__Entries shown__
━━━━

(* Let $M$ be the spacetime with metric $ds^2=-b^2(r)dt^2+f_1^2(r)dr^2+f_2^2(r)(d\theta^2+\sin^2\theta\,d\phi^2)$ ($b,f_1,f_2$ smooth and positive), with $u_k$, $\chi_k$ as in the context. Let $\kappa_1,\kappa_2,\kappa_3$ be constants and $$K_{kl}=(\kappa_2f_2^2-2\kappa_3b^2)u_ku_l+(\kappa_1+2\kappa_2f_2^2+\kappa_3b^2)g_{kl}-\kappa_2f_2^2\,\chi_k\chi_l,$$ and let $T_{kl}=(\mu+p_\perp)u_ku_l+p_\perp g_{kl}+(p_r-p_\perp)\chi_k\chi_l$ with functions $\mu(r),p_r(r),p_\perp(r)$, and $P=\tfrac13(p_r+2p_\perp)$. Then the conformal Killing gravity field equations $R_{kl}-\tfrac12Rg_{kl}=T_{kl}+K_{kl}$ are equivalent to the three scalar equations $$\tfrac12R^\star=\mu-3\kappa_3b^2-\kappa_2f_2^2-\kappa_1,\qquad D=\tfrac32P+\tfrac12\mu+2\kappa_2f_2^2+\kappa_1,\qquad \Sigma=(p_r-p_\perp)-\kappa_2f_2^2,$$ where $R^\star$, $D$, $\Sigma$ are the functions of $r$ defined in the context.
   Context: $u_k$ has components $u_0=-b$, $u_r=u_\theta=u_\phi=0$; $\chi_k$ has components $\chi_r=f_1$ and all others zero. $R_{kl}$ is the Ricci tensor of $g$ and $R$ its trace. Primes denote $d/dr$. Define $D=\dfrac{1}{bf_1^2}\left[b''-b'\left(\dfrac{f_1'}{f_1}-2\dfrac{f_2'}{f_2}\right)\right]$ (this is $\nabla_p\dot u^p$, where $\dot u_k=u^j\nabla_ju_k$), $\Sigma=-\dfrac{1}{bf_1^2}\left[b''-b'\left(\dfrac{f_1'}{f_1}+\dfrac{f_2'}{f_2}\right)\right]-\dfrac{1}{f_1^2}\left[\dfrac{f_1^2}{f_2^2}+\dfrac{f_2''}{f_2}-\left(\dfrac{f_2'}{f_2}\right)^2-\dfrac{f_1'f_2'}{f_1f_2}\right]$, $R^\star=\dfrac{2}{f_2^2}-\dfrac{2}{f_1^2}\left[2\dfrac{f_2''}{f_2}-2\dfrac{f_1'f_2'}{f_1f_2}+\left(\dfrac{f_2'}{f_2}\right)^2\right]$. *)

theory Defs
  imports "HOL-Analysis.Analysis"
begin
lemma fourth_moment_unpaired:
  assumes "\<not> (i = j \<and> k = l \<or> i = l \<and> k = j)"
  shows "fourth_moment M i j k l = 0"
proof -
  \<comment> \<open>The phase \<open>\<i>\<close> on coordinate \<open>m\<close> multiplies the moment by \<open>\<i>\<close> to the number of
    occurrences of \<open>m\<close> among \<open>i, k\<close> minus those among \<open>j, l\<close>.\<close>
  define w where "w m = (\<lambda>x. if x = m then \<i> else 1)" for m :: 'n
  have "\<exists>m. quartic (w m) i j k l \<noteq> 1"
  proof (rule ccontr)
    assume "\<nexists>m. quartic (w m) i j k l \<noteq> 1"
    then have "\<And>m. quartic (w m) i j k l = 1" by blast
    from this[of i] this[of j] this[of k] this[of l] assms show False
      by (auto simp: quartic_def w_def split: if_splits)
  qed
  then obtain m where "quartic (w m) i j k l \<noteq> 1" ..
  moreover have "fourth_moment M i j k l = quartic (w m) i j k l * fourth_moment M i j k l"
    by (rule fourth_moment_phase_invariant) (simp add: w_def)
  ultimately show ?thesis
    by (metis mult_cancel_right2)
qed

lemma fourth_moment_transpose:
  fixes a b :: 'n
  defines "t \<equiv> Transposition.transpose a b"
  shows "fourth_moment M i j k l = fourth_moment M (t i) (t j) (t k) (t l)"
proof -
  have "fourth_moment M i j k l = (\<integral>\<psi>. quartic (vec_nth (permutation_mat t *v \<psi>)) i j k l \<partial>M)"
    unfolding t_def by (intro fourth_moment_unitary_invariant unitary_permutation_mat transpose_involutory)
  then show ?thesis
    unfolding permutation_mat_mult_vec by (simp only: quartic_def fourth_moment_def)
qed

━━━━

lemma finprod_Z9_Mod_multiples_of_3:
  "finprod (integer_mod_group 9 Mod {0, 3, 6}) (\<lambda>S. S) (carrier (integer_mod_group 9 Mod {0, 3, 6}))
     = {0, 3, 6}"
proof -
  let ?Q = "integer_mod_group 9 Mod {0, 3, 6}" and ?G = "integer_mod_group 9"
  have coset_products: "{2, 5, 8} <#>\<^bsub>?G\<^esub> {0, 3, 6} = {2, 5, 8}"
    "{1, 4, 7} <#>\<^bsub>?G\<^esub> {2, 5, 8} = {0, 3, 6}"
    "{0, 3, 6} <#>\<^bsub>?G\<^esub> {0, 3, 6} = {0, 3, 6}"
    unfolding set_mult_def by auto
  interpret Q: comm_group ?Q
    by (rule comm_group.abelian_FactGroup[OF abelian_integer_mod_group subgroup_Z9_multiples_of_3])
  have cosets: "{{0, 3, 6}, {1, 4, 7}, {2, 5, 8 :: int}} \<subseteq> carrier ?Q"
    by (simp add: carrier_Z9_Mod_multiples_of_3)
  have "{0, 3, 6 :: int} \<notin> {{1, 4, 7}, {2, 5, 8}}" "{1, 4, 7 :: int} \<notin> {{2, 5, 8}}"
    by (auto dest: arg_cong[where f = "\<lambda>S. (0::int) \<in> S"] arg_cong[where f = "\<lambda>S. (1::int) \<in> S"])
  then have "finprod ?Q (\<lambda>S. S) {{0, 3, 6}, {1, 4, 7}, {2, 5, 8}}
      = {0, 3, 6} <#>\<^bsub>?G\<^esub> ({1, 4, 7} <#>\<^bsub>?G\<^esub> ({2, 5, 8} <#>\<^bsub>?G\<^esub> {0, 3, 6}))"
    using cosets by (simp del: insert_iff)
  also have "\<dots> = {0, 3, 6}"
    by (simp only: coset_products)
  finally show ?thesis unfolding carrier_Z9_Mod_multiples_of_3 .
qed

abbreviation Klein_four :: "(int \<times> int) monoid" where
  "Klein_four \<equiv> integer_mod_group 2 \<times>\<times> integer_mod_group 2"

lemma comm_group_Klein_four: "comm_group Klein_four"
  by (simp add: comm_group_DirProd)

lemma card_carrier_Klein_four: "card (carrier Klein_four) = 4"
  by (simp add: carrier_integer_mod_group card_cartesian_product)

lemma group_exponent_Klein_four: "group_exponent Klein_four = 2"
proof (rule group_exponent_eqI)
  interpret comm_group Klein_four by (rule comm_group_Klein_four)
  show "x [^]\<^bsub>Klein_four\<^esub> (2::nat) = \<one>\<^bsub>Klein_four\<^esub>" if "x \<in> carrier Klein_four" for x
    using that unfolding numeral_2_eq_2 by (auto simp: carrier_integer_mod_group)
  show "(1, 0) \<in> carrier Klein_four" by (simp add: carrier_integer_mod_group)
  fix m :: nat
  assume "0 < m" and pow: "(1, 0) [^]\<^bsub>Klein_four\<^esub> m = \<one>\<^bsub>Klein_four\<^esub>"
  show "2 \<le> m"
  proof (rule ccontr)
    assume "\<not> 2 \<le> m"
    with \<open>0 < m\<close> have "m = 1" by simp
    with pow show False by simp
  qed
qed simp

━━━━

__Exercise brief__
Across the material, report every line that has the word "have".

__Solution below__
  have "\<exists>m. quartic (w m) i j k l \<noteq> 1"
    then have "\<And>m. quartic (w m) i j k l = 1" by blast
  moreover have "fourth_moment M i j k l = quartic (w m) i j k l * fourth_moment M i j k l"
  have "fourth_moment M i j k l = (\<integral>\<psi>. quartic (vec_nth (permutation_mat t *v \<psi>)) i j k l \<partial>M)"
  have coset_products: "{2, 5, 8} <#>\<^bsub>?G\<^esub> {0, 3, 6} = {2, 5, 8}"
  have cosets: "{{0, 3, 6}, {1, 4, 7}, {2, 5, 8 :: int}} \<subseteq> carrier ?Q"
  have "{0, 3, 6 :: int} \<notin> {{1, 4, 7}, {2, 5, 8}}" "{1, 4, 7 :: int} \<notin> {{2, 5, 8}}"
  then have "finprod ?Q (\<lambda>S. S) {{0, 3, 6}, {1, 4, 7}, {2, 5, 8}}
  also have "\<dots> = {0, 3, 6}"
    with \<open>0 < m\<close> have "m = 1" by simp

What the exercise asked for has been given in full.